At bottom, though, I'm more concerned with the "marriage" part of all this than I am with the "gay" part. In future Friday posts, I'll talk a bit more about the meaning of marriage, and where our culture has gotten off-track (even in heterosexual marriages).
A last word: I want to remain open and sensitive to the very real feelings of gay men and women who have undergone outward persecution and inward turmoil over this issue. Too often we lay blame, when compassion is called for. Even the Scripture verses we use to lay blame are, far too frequently, misinterpreted. All Christians should take a look at Romans chapter 1 again, one of the most commonly used proof texts against homosexuality. We usually read it wrong, because we read it through the lens of our individualist culture; when in fact it was written from the standpoint a communal culture.

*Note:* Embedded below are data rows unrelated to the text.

lemma card_finite_subspace:
  fixes scale :: "'a::{finite,field} \<Rightarrow> 'b::ab_group_add \<Rightarrow> 'b"
  assumes "vector_space scale" and "finite V" and "module.subspace scale V"
  shows "card V = card (UNIV :: 'a set) ^ vector_space.dim scale V"
proof -
  interpret vs: vector_space scale by fact
  obtain B where B: "B \<subseteq> V" "vs.independent B" "V \<subseteq> vs.span B" "card B = vs.dim V"
    by (rule vs.basis_exists)
  have finB: "finite B" using B(1) assms(2) by (rule finite_subset)
  define \<Theta> where "\<Theta> g = (\<Sum>v\<in>B. scale (g v) v)" for g
  have "\<Theta> ` (B \<rightarrow>\<^sub>E UNIV) = range \<Theta>"
  proof (intro equalityI subsetI)
    fix x assume "x \<in> range \<Theta>"
    then obtain u where "x = \<Theta> u" by blast
    moreover have "\<Theta> (restrict u B) = \<Theta> u" unfolding \<Theta>_def by (rule sum.cong) auto
    ultimately show "x \<in> \<Theta> ` (B \<rightarrow>\<^sub>E UNIV)" by (intro image_eqI[of _ _ "restrict u B"]) auto
  qed auto
  also have "\<dots> = vs.span B" using vs.span_finite[OF finB] by (simp add: \<Theta>_def)
  also have "\<dots> = V" by (rule equalityI[OF vs.span_minimal[OF B(1) assms(3)] B(3)])
  finally have img: "\<Theta> ` (B \<rightarrow>\<^sub>E UNIV) = V" .
  have "inj_on \<Theta> (B \<rightarrow>\<^sub>E UNIV)"
  proof (rule inj_onI)
    fix g g' assume g: "g \<in> B \<rightarrow>\<^sub>E UNIV" and g': "g' \<in> B \<rightarrow>\<^sub>E UNIV" and "\<Theta> g = \<Theta> g'"
    then have "(\<Sum>v\<in>B. scale (g v - g' v) v) = 0"
      by (simp add: \<Theta>_def vs.scale_left_diff_distrib sum_subtractf)
    then have z: "(\<Sum>v\<in>B. scale (g v - g' v) v) = 0" .
    have "g v - g' v = 0" if "v \<in> B" for v
    proof (rule ccontr)
      assume "g v - g' v \<noteq> 0"
      with \<open>v \<in> B\<close> z have "vs.dependent B"
        unfolding vs.dependent_finite[OF finB] by (intro exI[where x="\<lambda>v. g v - g' v"]) auto
      then show False using B(2) by contradiction
    qed
    then show "g = g'" using g g' by (intro PiE_ext) auto
  qed
  then have "card V = card (B \<rightarrow>\<^sub>E (UNIV :: 'a set))" using card_image img by metis
  then show ?thesis using B(4) finB by (simp add: card_PiE)
qed

lemma vector_space_coeffwise: "vector_space (\<lambda>c (u :: nat \<Rightarrow> 'a::field poly) j. smult c (u j))"
  by unfold_locales (auto simp: fun_eq_iff smult_add_right smult_add_left)

lemma card_A_code:
  fixes f :: "'a::{finite,field} poly"
  assumes "f \<noteq> 0" and code: "A_code f l C"
  shows "card C = card (UNIV :: 'a set) ^ dimF C"
proof -
  interpret vs: vector_space "\<lambda>c (u :: nat \<Rightarrow> 'a poly) j. smult c (u j)"
    by (rule vector_space_coeffwise)
  have sub: "C \<subseteq> Avecs f l" using code by (simp add: A_code_def)
  have "vs.subspace C"
  proof (rule vs.subspaceI)
    show "0 \<in> C" "\<And>u v. u \<in> C \<Longrightarrow> v \<in> C \<Longrightarrow> u + v \<in> C" using code by (auto simp: A_code_def)
    fix c u assume "u \<in> C"
    then have "u j mod f = u j" for j
      using sub by (cases "j < l") (auto simp: Avecs_def Aelems_def)
    then have "(\<lambda>j. smult c (u j)) = Asmult f ([:c:] mod f) u"
      by (simp add: Asmult_def fun_eq_iff mod_mult_left_eq mod_smult_left)
    moreover have "[:c:] mod f \<in> Aelems f" by (simp add: Aelems_def)
    ultimately show "(\<lambda>j. smult c (u j)) \<in> C" using code \<open>u \<in> C\<close> by (simp add: A_code_def)
  qed
  moreover have "finite C" using finite_Avecs[OF assms(1)] sub by (rule finite_subset[rotated])
  ultimately show ?thesis
    unfolding dimF_def using card_finite_subspace[OF vector_space_coeffwise] by blast
qed

locale monic_generator_matrix =
  fixes f :: "'a::{finite,field} poly" and k l :: nat
    and G :: "nat \<Rightarrow> nat \<Rightarrow> 'a poly" and C :: "(nat \<Rightarrow> 'a poly) set"
  assumes monic_f: "lead_coeff f = 1"
    and generator: "generator_matrix f k l G C"
    and monic_rows: "\<And>i. i < k \<Longrightarrow> monic_vec (G i)"
begin

abbreviation pivot :: "nat \<Rightarrow> nat" where "pivot i \<equiv> LEAST t. G i t \<noteq> 0"

abbreviation lc :: "nat \<Rightarrow> 'a poly" where "lc i \<equiv> Lcoef (G i)"

lemma f_nonzero: "f \<noteq> 0"
  using monic_f by auto

lemma C_eq: "C = Aspan f G {..<k}"
  using generator by (simp add: generator_matrix_def)

lemma A_code_C: "A_code f l C"
  using generator unfolding generator_matrix_def by blast

lemma Avecs_mod: "u \<in> Avecs f l \<Longrightarrow> u t mod f = u t"
  unfolding Avecs_def Aelems_def by (cases "t < l") auto

lemma row_mod: "i < k \<Longrightarrow> G i t mod f = G i t"
  using generator Avecs_mod by (auto simp: generator_matrix_def)

lemma code_mod: "u \<in> C \<Longrightarrow> u t mod f = u t"
  using A_code_C Avecs_mod by (auto simp: A_code_def)

lemma subcode_mod: "u \<in> subcode C j \<Longrightarrow> u t mod f = u t"
  using subcode_subset code_mod by blast

lemma row_in_span: "finite I \<Longrightarrow> j \<in> I \<Longrightarrow> j < k \<Longrightarrow> G j \<in> Aspan f G I"
  by (rule row_in_Aspan) (auto simp: row_mod)

lemma row_nonzero: "i < k \<Longrightarrow> G i \<noteq> 0"
  using monic_rows by (auto simp: monic_vec_def)

lemma Lind_row: "i < k \<Longrightarrow> Lind (G i) = enat (pivot i)"
  using row_nonzero by (simp add: Lind_def)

The Apostle Paul's argument, then, actually seems to be that the people committing homosexual acts are doing it as a result of the overall sinfulness of human society: in other words, homosexuality in Paul's view is not simply an abomination chosen by wicked individuals; no, it is a symptom of a society that has drifted away from God. And he doesn't seem to be talking just about a few heinously sinful societies; he seems to be talking about all human society. (His underlying point, after all, is that all of us, in every society, are in the same condition regarding sin.) The bottom line he comes to, at the beginning of chapter 2, is that all of us share in the sinfulness of our society, a sinfulness that all humans have always shared, and, as such, we are in no position to judge other people. That's worth remembering.